[Records excerpted from a collection]
BEGIN

text \<open>An integer Heffter array H(m,n;s,k): partially filled m x n array,
  H i j = None meaning the cell is empty.\<close>
definition Heffter :: "nat \<Rightarrow> nat \<Rightarrow> nat \<Rightarrow> nat \<Rightarrow> (nat \<Rightarrow> nat \<Rightarrow> int option) \<Rightarrow> bool" where
  "Heffter m n s k H \<longleftrightarrow>
     (\<forall>i<m. \<forall>j<n. \<forall>x. H i j = Some x \<longrightarrow> x \<noteq> 0 \<and> \<bar>x\<bar> \<le> int (n * k))
   \<and> (\<forall>i<m. card {j. j < n \<and> H i j \<noteq> None} = s)
   \<and> (\<forall>j<n. card {i. i < m \<and> H i j \<noteq> None} = k)
   \<and> inj_on (\<lambda>(i, j). \<bar>the (H i j)\<bar>) {(i, j). i < m \<and> j < n \<and> H i j \<noteq> None}
   \<and> (\<forall>i<m. (\<Sum>j<n. cellval (H i j)) = 0)
   \<and> (\<forall>j<n. (\<Sum>i<m. cellval (H i j)) = 0)"

end

theory Submission
  imports Defs
begin

text \<open>Cut each array \<open>A\<^sub>t\<close> of the \<open>IHS(a, be; c)\<close> into \<open>e\<close> vertical strips of width \<open>b\<close>
  and view the \<open>ac \<times> bc\<close> array as a \<open>c \<times> c\<close> grid of \<open>a \<times> b\<close> blocks. Block \<open>(t, u)\<close> holds
  strip number \<open>(u - t) mod c\<close> of \<open>A\<^sub>t\<close> if that number is below \<open>e\<close>, and is empty otherwise.
  Block row \<open>t\<close> thus carries every strip of \<open>A\<^sub>t\<close> exactly once, so its rows are the rows
  of \<open>A\<^sub>t\<close> padded with empty cells; block column \<open>u\<close> meets \<open>e\<close> filled blocks, each a full
  set of \<open>a\<close> column segments of some \<open>A\<^sub>t\<close>, hence it sums to zero as well. The entries are
  those of the IHS, each used once.\<close>

lemma sum_lessThan_mult_nat:
  fixes f :: "nat \<Rightarrow> 'a::comm_monoid_add"
  shows "(\<Sum>k<m * n. f k) = (\<Sum>q<m. \<Sum>r<n. f (q * n + r))"
proof -
  have "(\<Sum>k\<in>{q * n..<q * n + n}. f k) = (\<Sum>r<n. f (q * n + r))" for q
    using sum.shift_bounds_nat_ivl[of f 0 "q * n" n] by (simp add: atLeast0LessThan add.commute)
  then show ?thesis by (simp add: sum.nat_group[symmetric])
qed

lemma mult_add_less_mult:
  fixes s e j b :: nat
  assumes "s < e" and "j < b"
  shows "s * b + j < e * b"
proof -
  have "s * b + j < Suc s * b"
    using assms(2) by simp
  also have "\<dots> \<le> e * b"
    using assms(1) by (intro mult_le_mono1) simp
  finally show ?thesis .
qed

lemma card_lessThan_not_None:
  "card {j. j < (n::nat) \<and> X j \<noteq> None} = (\<Sum>j<n. if X j = None then 0 else 1::nat)"
proof -
  have "card {j. j < n \<and> X j \<noteq> None} = (\<Sum>j\<in>{j \<in> {..<n}. X j \<noteq> None}. 1)"
    by (simp add: conj_commute)
  also have "\<dots> = (\<Sum>j<n. if X j = None then 0 else 1)"
    by (subst sum.inter_filter) (auto intro: sum.cong)
  finally show ?thesis .
qed

lemma sum_bij_betw_if_less:
  fixes f :: "nat \<Rightarrow> 'a::comm_monoid_add"
  assumes "bij_betw h {..<c} {..<c}" and "e \<le> c"
  shows "(\<Sum>u<c. if h u < e then f (h u) else 0) = (\<Sum>s<e. f s)"
proof -
  have "(\<Sum>u<c. if h u < e then f (h u) else 0) = (\<Sum>s<c. if s < e then f s else 0)"
    using sum.reindex_bij_betw[OF assms(1), of "\<lambda>s. if s < e then f s else 0"] by simp
  also have "\<dots> = (\<Sum>s\<in>{s \<in> {..<c}. s < e}. f s)"
    by (rule sum.inter_filter[symmetric]) simp
  also have "{s \<in> {..<c}. s < e} = {..<e}"
    using assms(2) by auto
  finally show ?thesis .
qed
lemma
  assumes bound: "\<And>k. (Hs_abs s x k)^2 \<le> h k" and h: "h summable_on UNIV"
  shows in_Hs_dominated: "in_Hs s x"
    and Hs_norm_dominated: "Hs_norm s x \<le> sqrt (\<Sum>\<^sub>\<infinity>k. h k)"
proof -
  show summable: "in_Hs s x"
    unfolding in_Hs_iff by (rule summable_on_comparison_test[OF h bound]) simp
  show "Hs_norm s x \<le> sqrt (\<Sum>\<^sub>\<infinity>k. h k)"
    unfolding Hs_norm_eq using summable h bound
    by (intro real_sqrt_le_mono infsum_mono) (simp_all add: in_Hs_iff)
qed

lemma norm_B2_term: "norm (B2_term t u v k j) = Hs_abs (-1) u j * Hs_abs (-1) v (k - j)"
  by (simp add: B2_term_def Hs_abs_def norm_mult norm_divide powr_minus divide_inverse
      norm_inverse mult_ac flip: of_int_diff)

lemma B2_eq_infsum: "k \<noteq> 0 \<Longrightarrow> B2 t u v k = (\<Sum>\<^sub>\<infinity>j. B2_term t u v k j)"
  unfolding B2_def by (auto intro: infsum_cong_neutral simp: B2_index_def B2_term_def)
definition laplacian :: "'a set \<Rightarrow> 'a set set \<Rightarrow> ('a \<Rightarrow> real) \<Rightarrow> 'a \<Rightarrow> real" where
  "laplacian V E \<phi> v = (\<Sum>u\<in>neighbours V E v. \<phi> v - \<phi> u)"

lemma adj_commute: "adj E u v \<longleftrightarrow> adj E v u"
  unfolding adj_def by (auto simp: insert_commute)

locale network =
  fixes V :: "'a set" and E :: "'a set set"
  assumes connected: "connected_graph V E"
begin

abbreviation "N \<equiv> neighbours V E"
abbreviation "L \<equiv> laplacian V E"
abbreviation "\<Omega> \<equiv> resistance V E"

lemma finite_V: "finite V"
  using connected unfolding connected_graph_def graph_def by auto

lemma V_nonempty: "V \<noteq> {}"
  using connected unfolding connected_graph_def by auto

lemma reachable: "u \<in> V \<Longrightarrow> v \<in> V \<Longrightarrow> (adj E)\<^sup>*\<^sup>* u v"
  using connected unfolding connected_graph_def by auto

lemma edge_subset: "e \<in> E \<Longrightarrow> e \<subseteq> V"
  using connected unfolding connected_graph_def graph_def by auto

lemma card_edge: "e \<in> E \<Longrightarrow> card e = 2"
  using connected unfolding connected_graph_def graph_def by auto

END

**Requirement**
Scan the records for the word "array" and copy every line where it is found.

**Exercise result**
text \<open>An integer Heffter array H(m,n;s,k): partially filled m x n array,
text \<open>Cut each array \<open>A\<^sub>t\<close> of the \<open>IHS(a, be; c)\<close> into \<open>e\<close> vertical strips of width \<open>b\<close>
  and view the \<open>ac \<times> bc\<close> array as a \<open>c \<times> c\<close> grid of \<open>a \<times> b\<close> blocks. Block \<open>(t, u)\<close> holds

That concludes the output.